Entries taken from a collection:
---
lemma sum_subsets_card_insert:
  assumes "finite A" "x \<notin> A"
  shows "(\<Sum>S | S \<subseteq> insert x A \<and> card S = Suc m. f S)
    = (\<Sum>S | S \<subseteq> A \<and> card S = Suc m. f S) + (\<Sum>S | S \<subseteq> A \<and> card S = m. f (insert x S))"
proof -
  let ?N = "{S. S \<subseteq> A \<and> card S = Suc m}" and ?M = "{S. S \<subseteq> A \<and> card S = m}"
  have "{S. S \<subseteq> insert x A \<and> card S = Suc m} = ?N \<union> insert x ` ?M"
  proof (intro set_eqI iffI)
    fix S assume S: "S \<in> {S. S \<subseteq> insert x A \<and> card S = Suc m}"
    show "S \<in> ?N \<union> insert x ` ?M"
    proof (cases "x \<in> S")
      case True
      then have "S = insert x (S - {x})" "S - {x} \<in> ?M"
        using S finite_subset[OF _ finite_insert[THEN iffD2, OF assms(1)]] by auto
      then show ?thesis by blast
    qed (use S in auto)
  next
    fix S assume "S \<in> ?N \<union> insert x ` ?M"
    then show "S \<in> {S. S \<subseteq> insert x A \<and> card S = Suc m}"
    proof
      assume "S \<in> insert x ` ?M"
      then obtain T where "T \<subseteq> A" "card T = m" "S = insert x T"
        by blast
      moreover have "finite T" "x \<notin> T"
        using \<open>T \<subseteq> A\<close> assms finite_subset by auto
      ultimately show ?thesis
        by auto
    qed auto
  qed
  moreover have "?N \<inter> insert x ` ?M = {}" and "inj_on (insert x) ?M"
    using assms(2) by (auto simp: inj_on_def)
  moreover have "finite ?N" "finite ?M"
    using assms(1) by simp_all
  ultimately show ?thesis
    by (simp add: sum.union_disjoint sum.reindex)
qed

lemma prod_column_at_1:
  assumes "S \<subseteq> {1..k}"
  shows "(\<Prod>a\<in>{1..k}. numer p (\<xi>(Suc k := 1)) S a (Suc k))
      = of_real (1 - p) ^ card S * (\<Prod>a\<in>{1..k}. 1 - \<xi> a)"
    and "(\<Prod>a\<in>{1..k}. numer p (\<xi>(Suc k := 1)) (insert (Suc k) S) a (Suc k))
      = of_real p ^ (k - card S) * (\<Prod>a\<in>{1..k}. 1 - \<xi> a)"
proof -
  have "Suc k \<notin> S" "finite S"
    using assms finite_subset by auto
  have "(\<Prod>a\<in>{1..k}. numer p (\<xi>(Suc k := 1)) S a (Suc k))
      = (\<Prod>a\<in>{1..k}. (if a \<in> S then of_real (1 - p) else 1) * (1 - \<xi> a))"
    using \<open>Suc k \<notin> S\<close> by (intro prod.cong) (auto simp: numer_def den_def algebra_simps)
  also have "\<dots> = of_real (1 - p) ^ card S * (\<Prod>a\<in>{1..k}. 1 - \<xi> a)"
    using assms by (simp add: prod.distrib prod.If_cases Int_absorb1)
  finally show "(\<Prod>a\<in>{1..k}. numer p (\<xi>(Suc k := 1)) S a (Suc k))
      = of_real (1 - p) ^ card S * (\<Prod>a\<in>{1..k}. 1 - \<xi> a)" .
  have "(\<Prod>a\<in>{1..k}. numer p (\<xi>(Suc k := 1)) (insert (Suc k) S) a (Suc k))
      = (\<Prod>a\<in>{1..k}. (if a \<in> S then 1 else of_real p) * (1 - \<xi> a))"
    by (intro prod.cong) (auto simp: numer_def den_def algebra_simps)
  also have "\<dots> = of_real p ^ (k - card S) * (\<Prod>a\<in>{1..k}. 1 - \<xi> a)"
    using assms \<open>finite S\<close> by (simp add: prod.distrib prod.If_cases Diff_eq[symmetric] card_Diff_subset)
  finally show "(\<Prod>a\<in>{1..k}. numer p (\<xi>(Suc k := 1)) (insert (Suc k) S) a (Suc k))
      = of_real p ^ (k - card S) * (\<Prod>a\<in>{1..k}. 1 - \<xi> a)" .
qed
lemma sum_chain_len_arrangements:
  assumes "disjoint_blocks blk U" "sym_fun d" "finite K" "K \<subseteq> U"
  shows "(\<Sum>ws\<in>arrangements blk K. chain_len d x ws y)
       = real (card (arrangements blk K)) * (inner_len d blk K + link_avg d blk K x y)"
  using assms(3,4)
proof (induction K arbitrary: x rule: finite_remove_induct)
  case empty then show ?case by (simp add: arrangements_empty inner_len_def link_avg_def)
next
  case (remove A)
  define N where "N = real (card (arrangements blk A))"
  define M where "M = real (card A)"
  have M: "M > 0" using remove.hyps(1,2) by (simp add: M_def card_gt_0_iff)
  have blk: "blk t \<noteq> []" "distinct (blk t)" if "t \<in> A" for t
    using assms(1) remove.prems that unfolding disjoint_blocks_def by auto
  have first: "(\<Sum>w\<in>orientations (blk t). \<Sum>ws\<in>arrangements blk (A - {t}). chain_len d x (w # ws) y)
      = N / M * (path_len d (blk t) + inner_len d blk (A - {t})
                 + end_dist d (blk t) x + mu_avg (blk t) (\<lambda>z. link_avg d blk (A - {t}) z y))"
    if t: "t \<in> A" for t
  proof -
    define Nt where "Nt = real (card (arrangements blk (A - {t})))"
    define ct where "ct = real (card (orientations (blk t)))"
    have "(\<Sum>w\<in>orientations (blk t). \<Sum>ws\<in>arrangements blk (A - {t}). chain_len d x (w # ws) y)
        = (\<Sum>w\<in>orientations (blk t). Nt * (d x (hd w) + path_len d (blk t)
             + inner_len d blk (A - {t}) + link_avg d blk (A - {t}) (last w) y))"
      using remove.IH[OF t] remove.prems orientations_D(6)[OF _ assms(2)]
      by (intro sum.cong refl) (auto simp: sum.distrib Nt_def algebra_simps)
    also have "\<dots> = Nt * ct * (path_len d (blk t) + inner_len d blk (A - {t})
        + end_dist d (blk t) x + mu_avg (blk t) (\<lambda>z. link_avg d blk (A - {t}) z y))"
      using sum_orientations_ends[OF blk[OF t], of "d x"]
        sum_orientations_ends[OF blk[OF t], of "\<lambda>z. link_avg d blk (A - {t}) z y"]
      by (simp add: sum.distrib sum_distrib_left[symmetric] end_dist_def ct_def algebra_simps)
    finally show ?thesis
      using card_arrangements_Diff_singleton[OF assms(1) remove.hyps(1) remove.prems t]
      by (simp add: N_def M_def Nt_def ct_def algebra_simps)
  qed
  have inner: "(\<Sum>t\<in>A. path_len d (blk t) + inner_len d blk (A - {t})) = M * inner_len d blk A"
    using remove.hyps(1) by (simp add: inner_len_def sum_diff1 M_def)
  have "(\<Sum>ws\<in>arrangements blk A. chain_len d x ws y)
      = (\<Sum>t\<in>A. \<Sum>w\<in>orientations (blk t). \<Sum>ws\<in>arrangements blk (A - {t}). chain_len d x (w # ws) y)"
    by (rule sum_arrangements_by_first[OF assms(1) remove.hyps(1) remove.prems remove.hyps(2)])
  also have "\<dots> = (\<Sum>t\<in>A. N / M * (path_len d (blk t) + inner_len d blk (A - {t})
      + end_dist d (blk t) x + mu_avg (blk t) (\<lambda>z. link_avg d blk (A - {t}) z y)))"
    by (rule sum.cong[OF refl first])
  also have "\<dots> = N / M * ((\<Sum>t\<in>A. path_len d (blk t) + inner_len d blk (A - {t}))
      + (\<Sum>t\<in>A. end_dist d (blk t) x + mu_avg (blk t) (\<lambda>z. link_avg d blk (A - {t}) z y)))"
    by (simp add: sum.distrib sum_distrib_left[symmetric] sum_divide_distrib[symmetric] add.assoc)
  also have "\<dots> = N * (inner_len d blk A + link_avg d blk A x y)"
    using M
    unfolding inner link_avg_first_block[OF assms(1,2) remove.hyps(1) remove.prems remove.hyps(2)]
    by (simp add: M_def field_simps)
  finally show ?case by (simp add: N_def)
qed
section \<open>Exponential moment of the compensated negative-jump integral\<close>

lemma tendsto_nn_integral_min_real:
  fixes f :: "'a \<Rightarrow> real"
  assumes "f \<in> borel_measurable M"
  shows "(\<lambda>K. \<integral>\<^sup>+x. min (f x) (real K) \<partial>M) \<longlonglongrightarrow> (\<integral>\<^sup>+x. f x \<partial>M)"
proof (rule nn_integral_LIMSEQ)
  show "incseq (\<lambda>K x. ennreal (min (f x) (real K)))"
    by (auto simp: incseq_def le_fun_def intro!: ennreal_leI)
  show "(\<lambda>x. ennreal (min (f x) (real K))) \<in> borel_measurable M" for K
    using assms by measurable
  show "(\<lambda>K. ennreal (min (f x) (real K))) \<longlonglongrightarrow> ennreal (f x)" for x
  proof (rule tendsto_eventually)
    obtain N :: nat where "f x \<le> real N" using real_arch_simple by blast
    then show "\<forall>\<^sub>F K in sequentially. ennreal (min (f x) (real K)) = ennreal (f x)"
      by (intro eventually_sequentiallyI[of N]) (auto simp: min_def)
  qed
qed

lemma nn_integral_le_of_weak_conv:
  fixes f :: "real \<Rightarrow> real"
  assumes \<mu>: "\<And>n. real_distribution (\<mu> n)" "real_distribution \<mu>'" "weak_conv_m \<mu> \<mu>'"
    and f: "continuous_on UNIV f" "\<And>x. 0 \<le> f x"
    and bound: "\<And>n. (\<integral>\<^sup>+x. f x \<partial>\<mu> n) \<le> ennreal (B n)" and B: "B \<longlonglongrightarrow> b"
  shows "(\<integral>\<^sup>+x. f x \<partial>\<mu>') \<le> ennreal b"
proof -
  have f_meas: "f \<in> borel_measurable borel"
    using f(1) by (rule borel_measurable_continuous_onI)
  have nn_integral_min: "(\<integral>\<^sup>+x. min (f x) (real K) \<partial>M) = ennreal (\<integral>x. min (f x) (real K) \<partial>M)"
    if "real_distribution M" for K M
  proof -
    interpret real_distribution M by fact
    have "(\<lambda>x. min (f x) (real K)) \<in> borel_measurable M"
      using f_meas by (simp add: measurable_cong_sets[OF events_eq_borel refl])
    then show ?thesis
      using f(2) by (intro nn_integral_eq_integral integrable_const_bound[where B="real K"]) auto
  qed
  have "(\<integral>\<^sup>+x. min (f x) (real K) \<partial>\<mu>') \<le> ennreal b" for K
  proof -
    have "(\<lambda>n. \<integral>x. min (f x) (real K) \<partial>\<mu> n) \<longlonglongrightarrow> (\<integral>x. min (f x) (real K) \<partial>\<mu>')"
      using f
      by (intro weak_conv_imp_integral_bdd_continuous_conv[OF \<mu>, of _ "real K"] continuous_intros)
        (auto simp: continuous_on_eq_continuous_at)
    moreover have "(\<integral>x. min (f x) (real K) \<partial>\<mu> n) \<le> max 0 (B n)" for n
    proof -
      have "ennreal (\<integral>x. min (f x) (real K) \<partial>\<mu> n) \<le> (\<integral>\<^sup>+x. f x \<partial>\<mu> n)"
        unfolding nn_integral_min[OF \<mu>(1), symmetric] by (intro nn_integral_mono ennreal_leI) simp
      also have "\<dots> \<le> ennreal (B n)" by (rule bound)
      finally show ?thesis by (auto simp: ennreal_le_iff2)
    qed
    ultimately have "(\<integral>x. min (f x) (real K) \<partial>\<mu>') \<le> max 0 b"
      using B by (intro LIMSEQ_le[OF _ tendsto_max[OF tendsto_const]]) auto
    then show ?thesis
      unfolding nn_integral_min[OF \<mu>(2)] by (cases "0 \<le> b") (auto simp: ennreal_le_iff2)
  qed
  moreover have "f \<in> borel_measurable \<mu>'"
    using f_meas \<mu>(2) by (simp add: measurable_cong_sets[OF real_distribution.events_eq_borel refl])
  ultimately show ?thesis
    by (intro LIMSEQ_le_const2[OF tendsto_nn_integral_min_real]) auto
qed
---
Problem details:
Work out the number of lines above that include the string "lemma" and write only that number.

Response for this exercise:
5